Don't Tell Kids They Have to Be Good At Math or Science to Be a Programmer - jasonshen
http://m.youtube.com/watch?v=f8Un4Nv0xTU

======
csixty4
This really resonated with me. All growing up I got variations of this
message. "You can't be a computer programmer if you aren't good at math."
"Nobody will hire you as a programmer if you can't touch-type." Basically,
career advice based on stereotypes, from parents who are proud of the fact
they "don't do computers".

Thankfully, I was smart enough not to listen. I just worry that there might be
kids out there who do listen and think they're not good enough.

------
DharmaSoldat
I agree that you don't have to learn anything about mathematics to become a
programmer - that's how I started.

I will say that having learned relatively advanced math since my start has
proven to open interesting new doors and paths of thought to me.

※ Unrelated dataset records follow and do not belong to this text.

lemma set_integral_mult_by_parts:
  fixes f Q :: "real \<Rightarrow> real"
  assumes Q: "set_integrable lborel {0..1} Q" and fQ: "set_integrable lborel {0..1} (\<lambda>x. f x * Q x)"
    and n: "n = Suc p"
  defines "t \<equiv> \<lambda>i. real i / real n"
    and "P \<equiv> \<lambda>m. LINT x:{0..real m / real n}|lborel. Q x"
  shows "(LINT x:{0..1}|lborel. f x * Q x)
      = (\<Sum>i<n. LINT x:{t i<..t (Suc i)}|lborel. (f x - f (t (Suc i))) * Q x)
        + f 1 * P n - (\<Sum>i<p. P (Suc i) * (f (t (Suc (Suc i))) - f (t (Suc i))))"
proof -
  have cell: "{t i<..t (Suc i)} \<subseteq> {0..1}" if "i < n" for i
    unfolding t_def using that by (rule cell_subset_unit_interval)
  have split_cell: "(LINT x:{t i<..t (Suc i)}|lborel. f x * Q x)
      = (LINT x:{t i<..t (Suc i)}|lborel. (f x - f (t (Suc i))) * Q x) + f (t (Suc i)) * (P (Suc i) - P i)"
    if "i < n" for i
  proof -
    have "set_integrable lborel {t i<..t (Suc i)} (\<lambda>x. f x * Q x)"
      "set_integrable lborel {t i<..t (Suc i)} Q"
      using cell[OF that] by (auto intro: set_integrable_subset[OF fQ] set_integrable_subset[OF Q])
    then show ?thesis
      using set_integral_cell[OF Q that] unfolding P_def t_def by (simp add: left_diff_distrib)
  qed
  have "(LINT x:{0..1}|lborel. f x * Q x) = (\<Sum>i<n. LINT x:{t i<..t (Suc i)}|lborel. f x * Q x)"
    unfolding t_def by (rule set_integral_eq_sum_cells[OF fQ]) (simp add: n)
  also have "\<dots> = (\<Sum>i<n. LINT x:{t i<..t (Suc i)}|lborel. (f x - f (t (Suc i))) * Q x)
      + (\<Sum>i<Suc p. f (t (Suc i)) * (P (Suc i) - P i))"
    unfolding n[symmetric] sum.distrib[symmetric] using split_cell by (rule sum.cong[OF refl]) simp
  also have "(\<Sum>i<Suc p. f (t (Suc i)) * (P (Suc i) - P i))
      = f (t (Suc p)) * P (Suc p) - f (t (Suc 0)) * P 0 - (\<Sum>i<p. P (Suc i) * (f (t (Suc (Suc i))) - f (t (Suc i))))"
    by (rule sum_by_parts)
  finally show ?thesis
    using set_integral_lborel_singleton[of 0 Q] n by (simp add: P_def t_def)
qed

lemma set_integral_cells_oscillation_le:
  fixes f Q v :: "real \<Rightarrow> real"
  assumes n: "0 < n" and K: "0 < K"
    and Q: "set_integrable lborel {0..1} Q" and Q2: "set_integrable lborel {0..1} (\<lambda>x. (Q x)\<^sup>2)"
    and Q2_le: "(LINT x:{0..1}|lborel. (Q x)\<^sup>2) \<le> K * real n"
    and fQ: "set_integrable lborel {0..1} (\<lambda>x. f x * Q x)"
    and v: "\<And>x y. 0 \<le> x \<Longrightarrow> x \<le> y \<Longrightarrow> y \<le> 1 \<Longrightarrow> v x + \<bar>f y - f x\<bar> \<le> v y"
  defines "t \<equiv> \<lambda>i. real i / real n"
  shows "\<bar>\<Sum>i<n. LINT x:{t i<..t (Suc i)}|lborel. (f x - f (t (Suc i))) * Q x\<bar> \<le> (v 1 - v 0) * sqrt K"
proof -
  have t: "0 \<le> t i" "t i \<le> t (Suc i)" "i < n \<Longrightarrow> t (Suc i) \<le> 1" for i
    by (simp_all add: t_def divide_right_mono)
  have "\<bar>\<Sum>i<n. LINT x:{t i<..t (Suc i)}|lborel. (f x - f (t (Suc i))) * Q x\<bar>
      \<le> (\<Sum>i<n. (v (t (Suc i)) - v (t i)) * sqrt K)"
  proof (rule order_trans[OF sum_abs sum_mono])
    fix i assume "i \<in> {..<n}"
    then have i: "i < n" by simp
    have integrable: "set_integrable lborel {t i<..t (Suc i)} (\<lambda>x. (f x - f (t (Suc i))) * Q x)"
      using cell_subset_unit_interval[OF i] unfolding left_diff_distrib t_def
      by (intro set_integral_diff(1) set_integrable_mult_right)
        (auto intro: set_integrable_subset[OF fQ] set_integrable_subset[OF Q])
    have w: "0 \<le> v (t (Suc i)) - v (t i)"
      using v[of "t i" "t (Suc i)"] t i by simp
    have dom: "\<bar>(f x - f (t (Suc i))) * Q x\<bar> \<le> (v (t (Suc i)) - v (t i)) * \<bar>Q x\<bar>"
      if x: "x \<in> {t i<..t (Suc i)}" for x
    proof -
      have "0 \<le> x" "t i \<le> x" "x \<le> t (Suc i)" "t (Suc i) \<le> 1"
        using x t(1)[of i] t(3)[OF i] by auto
      then have "v (t i) \<le> v x" "v x + \<bar>f (t (Suc i)) - f x\<bar> \<le> v (t (Suc i))"
        using v[of "t i" x] v[of x "t (Suc i)"] t(1) by auto
      then show ?thesis
        unfolding abs_mult by (intro mult_right_mono) auto
    qed
    show "\<bar>LINT x:{t i<..t (Suc i)}|lborel. (f x - f (t (Suc i))) * Q x\<bar> \<le> (v (t (Suc i)) - v (t i)) * sqrt K"
      using set_integral_cell_abs_le[OF Q2 Q2_le K i integrable[unfolded t_def] dom[unfolded t_def] w[unfolded t_def]]
      unfolding t_def .
  qed
  also have "\<dots> = (v 1 - v 0) * sqrt K"
    using sum_lessThan_telescope[of "\<lambda>i. v (t i)" n] n by (simp add: t_def sum_distrib_right[symmetric])
  finally show ?thesis .
qed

You don't have to learn it, but it does make a difference/change your
perspective if you do.

Touch typing comes along naturally as you code and is a skill best suited to
letter writing than code forging.

------
ceworthington
Totally agree with this sentiment.

The best thing about teaching kids some basic programming is that it shows
them that they have the power to shape the world, rather than just experience
it.

Whether or not they go on to do anything code-related in their "real life", I
think getting that experience at an early age is extremely empowering.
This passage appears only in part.